A third deferoxamine study was conducted on nine patients with MS as defined by Poser et al. (1983), together with an abnormal MRI and a ≥ 0.5 reduction for the EDSS during the prior 2 years (Lynch et al., 2000). Four patients had SPMS and five had PPMS. Patients on an immunosuppressant or corticosteroid within the previous 6 months or that had low iron, low ferritin, heart disease or chronic anemia were not enrolled (Lynch et al., 1996). Patients were given 2 g/day for 7 days followed by 1 g/day for 7 days and this 2-week course was repeated every 3 months. Two patients completed five courses of treatment, one completed seven courses, and six completed eight courses of treatment across 2 years. One patient had an improvement of 0.5 in their EDSS, three patients were unchanged, and five patients worsened by 0.5 points. Some patients reported improvements not covered by the EDSS, e.g., resolving of numbness and weakness in the hands, improvement of leg weakness, and a lessening of ataxia (Lynch et al., 2000; Table 3).

Despite being limited to testing only deferoxamine, the three small pilot clinical trials leave open the possibility that iron chelation could be a beneficial therapeutic approach. It is important to note that the disease course typically progresses over time, and although treatment would ideally result in improvement or stop progression, a positive intervention could still be obtained if disease progression occurred at a slower rate in treated patients than for control MS subjects. Unfortunately, these small studies did not have control MS subjects, nor were the studies blinded.

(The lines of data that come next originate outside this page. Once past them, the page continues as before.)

text \<open>The shift \<open>c\<close> is the Lagrange multiplier of the trace constraint in the projection.\<close>

lemma exists_trace_normalising_shift:
  fixes a :: "'n::finite \<Rightarrow> real"
  assumes a: "\<And>i. a i > 0"
  shows "\<exists>c. (\<forall>i. a i + c > 0) \<and> (\<Sum>i\<in>UNIV. 1 / (a i + c)) = 1"
proof -
  define f where "f = (\<lambda>x::real. \<Sum>i\<in>UNIV. 1 / (a i + x))"
  obtain k where k: "\<And>i. a k \<le> a i"
  proof -
    have "Min (range a) \<in> range a" by (rule Min_in) auto
    then obtain k where "a k = Min (range a)" by (metis rangeE)
    thus ?thesis using that by (metis Min_le finite rangeI finite_imageI)
  qed
  define l0 where "l0 = 1/2 - a k"
  define l1 where "l1 = real CARD('n)"
  have cpos: "CARD('n) > 0" by simp
  have pos0: "a i + x > 0" if "l0 \<le> x" for i x using k[of i] that unfolding l0_def by linarith
  have "\<exists>x. l0 \<le> x \<and> x \<le> l1 \<and> f x = 1"
  proof (rule IVT2)
    have l1p: "l1 > 0" using cpos by (simp add: l1_def)
    have "1 / (a i + l1) \<le> 1 / l1" for i
      by (rule divide_left_mono) (use a[of i] l1p in auto)
    hence "f l1 \<le> (\<Sum>i\<in>(UNIV::'n set). 1 / l1)"
      unfolding f_def by (intro sum_mono) auto
    also have "\<dots> = 1" using cpos by (simp add: l1_def)
    finally show "f l1 \<le> 1" .
    have "1 \<le> 1 / (a k + l0)" by (simp add: l0_def)
    also have "\<dots> \<le> f l0" unfolding f_def
      by (rule member_le_sum) (use pos0 in \<open>auto intro: less_imp_le\<close>)
    finally show "1 \<le> f l0" .
    have "real CARD('n) \<ge> 1" using cpos by linarith
    thus "l0 \<le> l1" unfolding l0_def l1_def using a[of k] by linarith
    show "\<forall>x. l0 \<le> x \<and> x \<le> l1 \<longrightarrow> isCont f x"
    proof (intro allI impI)
      fix x assume "l0 \<le> x \<and> x \<le> l1"
      hence nz: "\<And>i. a i + x \<noteq> 0" using pos0 by (metis less_irrefl)
      show "isCont f x" unfolding f_def by (intro continuous_intros) (use nz in auto)
    qed
  qed
  then obtain c where c0: "l0 \<le> c" and fc: "f c = 1" by blast
  have "\<forall>i. a i + c > 0" using pos0[OF c0] by blast
  thus ?thesis using fc unfolding f_def by blast
qed

lemma logdet_div_inverse_shift:
  fixes eig :: "'n::finite eigfun" and U W V :: "real^'n^'n"
  assumes ev: "valid_eig eig" and U: "posdef U" and W: "posdef W"
    and WU: "matrix_inv W = matrix_inv U + c *\<^sub>R mat 1" and V: "posdef V" "trace V = 1"
  shows "logdet_div V U = logdet_div V W + (ln (det U) - ln (det W) - c)"
proof -
  have "matrix_inv W ** V = matrix_inv U ** V + c *\<^sub>R V"
    by (simp add: WU matrix_add_rdistrib flip: scalar_matrix_assoc)
  hence "trace (matrix_inv W ** V) = trace (matrix_inv U ** V) + c"
    using V(2) by (simp add: trace_add trace_scaleR)
  thus ?thesis using logdet_div_eq[OF ev V(1) U] logdet_div_eq[OF ev V(1) W] by simp
qed

text \<open>In fact \<open>D(V, U) = D(V, proj U) + D(proj U, U)\<close> for every positive definite density
  matrix \<open>V\<close>.\<close>

lemma proj_pythagorean:
  fixes eig :: "'n::finite eigfun" and U :: "real^'n^'n"
  assumes ev: "valid_eig eig" and U: "posdef U"
  shows "density (proj U) \<and> posdef (proj U) \<and>
         (\<forall>V. density V \<and> posdef V \<longrightarrow> logdet_div V (proj U) \<le> logdet_div V U)"
proof -
  obtain a z where oz: "orthonormal z" and a: "\<And>i. a i > 0" and Ui: "matrix_inv U = spectral a z"
    using posdef_spectralE[OF ev posdef_matrix_inv[OF ev U]] by blast
  obtain c where ac: "\<And>i. a i + c > 0" and sum1: "(\<Sum>i\<in>UNIV. 1 / (a i + c)) = 1"
    using exists_trace_normalising_shift[of a, OF a] by blast
  have ac0: "\<And>i. a i + c \<noteq> 0" using ac by (metis less_irrefl)
  define W where "W = spectral (\<lambda>i. 1 / (a i + c)) z"
  have Wpd: "posdef W" unfolding W_def by (rule posdef_spectral[OF oz]) (use ac in simp)
  have Wden: "density W"
    using Wpd posdef_imp_psd sum1 by (simp add: density_def W_def trace_spectral[OF oz])
  have "matrix_inv W = spectral (\<lambda>i. a i + c) z"
    using ac0 by (simp add: W_def matrix_inv_spectral[OF oz])
  also have "\<dots> = matrix_inv U + c *\<^sub>R mat 1"
    by (simp add: Ui spectral_one[OF oz, symmetric] scaleR_spectral spectral_add)
  finally have WU: "matrix_inv W = matrix_inv U + c *\<^sub>R mat 1" .
  define K where "K = ln (det U) - ln (det W) - c"
  have shift: "logdet_div V U = logdet_div V W + K" if "density V" "posdef V" for V :: "real^'n^'n"
    using logdet_div_inverse_shift[OF ev U Wpd WU that(2)] that(1) by (simp add: density_def K_def)
  have "logdet_div W W = 0"
    using logdet_div_eq[OF ev Wpd Wpd] by (simp add: matrix_mult_inv_left[OF ev Wpd] trace_I)
  hence pyth: "logdet_div V U = logdet_div V W + logdet_div W U" if "density V" "posdef V" for V :: "real^'n^'n"
    using shift[OF that] shift[OF Wden Wpd] by simp
  have Wmin: "density W \<and> posdef W \<and> (\<forall>V. density V \<and> posdef V \<longrightarrow> logdet_div W U \<le> logdet_div V U)"
  proof (intro conjI allI impI Wden Wpd)
    fix V :: "real^'n^'n" assume V: "density V \<and> posdef V"
    hence "logdet_div V U = logdet_div V W + logdet_div W U" using pyth by blast
    thus "logdet_div W U \<le> logdet_div V U" using V logdet_div_nonneg[OF ev _ Wpd, of V] by linarith
  qed
  define P where "P = proj U"
  have P: "density P \<and> posdef P \<and> (\<forall>V. density V \<and> posdef V \<longrightarrow> logdet_div P U \<le> logdet_div V U)"
    unfolding P_def proj_def by (rule someI[of _ W]) (rule Wmin)
  hence "logdet_div P U \<le> logdet_div W U" and "logdet_div P U = logdet_div P W + logdet_div W U"
    using Wden Wpd pyth[of P] by auto
  hence "logdet_div P W \<le> 0" by linarith
  hence "P = W" using logdet_div_le_0_imp_eq[OF ev _ Wpd] P by blast
  moreover have "logdet_div V W \<le> logdet_div V U" if "density V" "posdef V" for V :: "real^'n^'n"
    using pyth[OF that] logdet_div_nonneg[OF ev Wpd U] by simp
  ultimately show ?thesis using P unfolding P_def by blast
qed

Multiple factors may explain why there have not been more clinical trials that examined the therapeutic value of chelators in MS since 2000. First was the need to determine whether iron contributes to pathology or whether it is an epiphenomenon of ongoing pathology. Recent studies have established that iron deposition begins early in the disease course (Al-Radaideh et al., 2013) and can promote pathology, e.g., oxidative damage and enhanced production of pro-inflammatory cytokines (Mehta et al., 2013; Hametner et al., 2013). Second was the need for the development, and acceptance in clinical practice, of iron chelators that avoided some of the problems associated with deferoxamine. The development of newer chelators (e.g., deferasirox and deferiprone) offers the advantage of having a greatly improved administration route, i.e., oral administration versus 6–8 h of subcutaneous infusion for deferoxamine. Third was the need for a chelator to cross the BBB. Deferiprone crosses the BBB (Fredenburg et al., 1996; Habgood et al., 1999; Ma et al., 2012), and thus, it would have a better opportunity to act on pathogenesis throughout the CNS rather than relying on an abnormal BBB for access.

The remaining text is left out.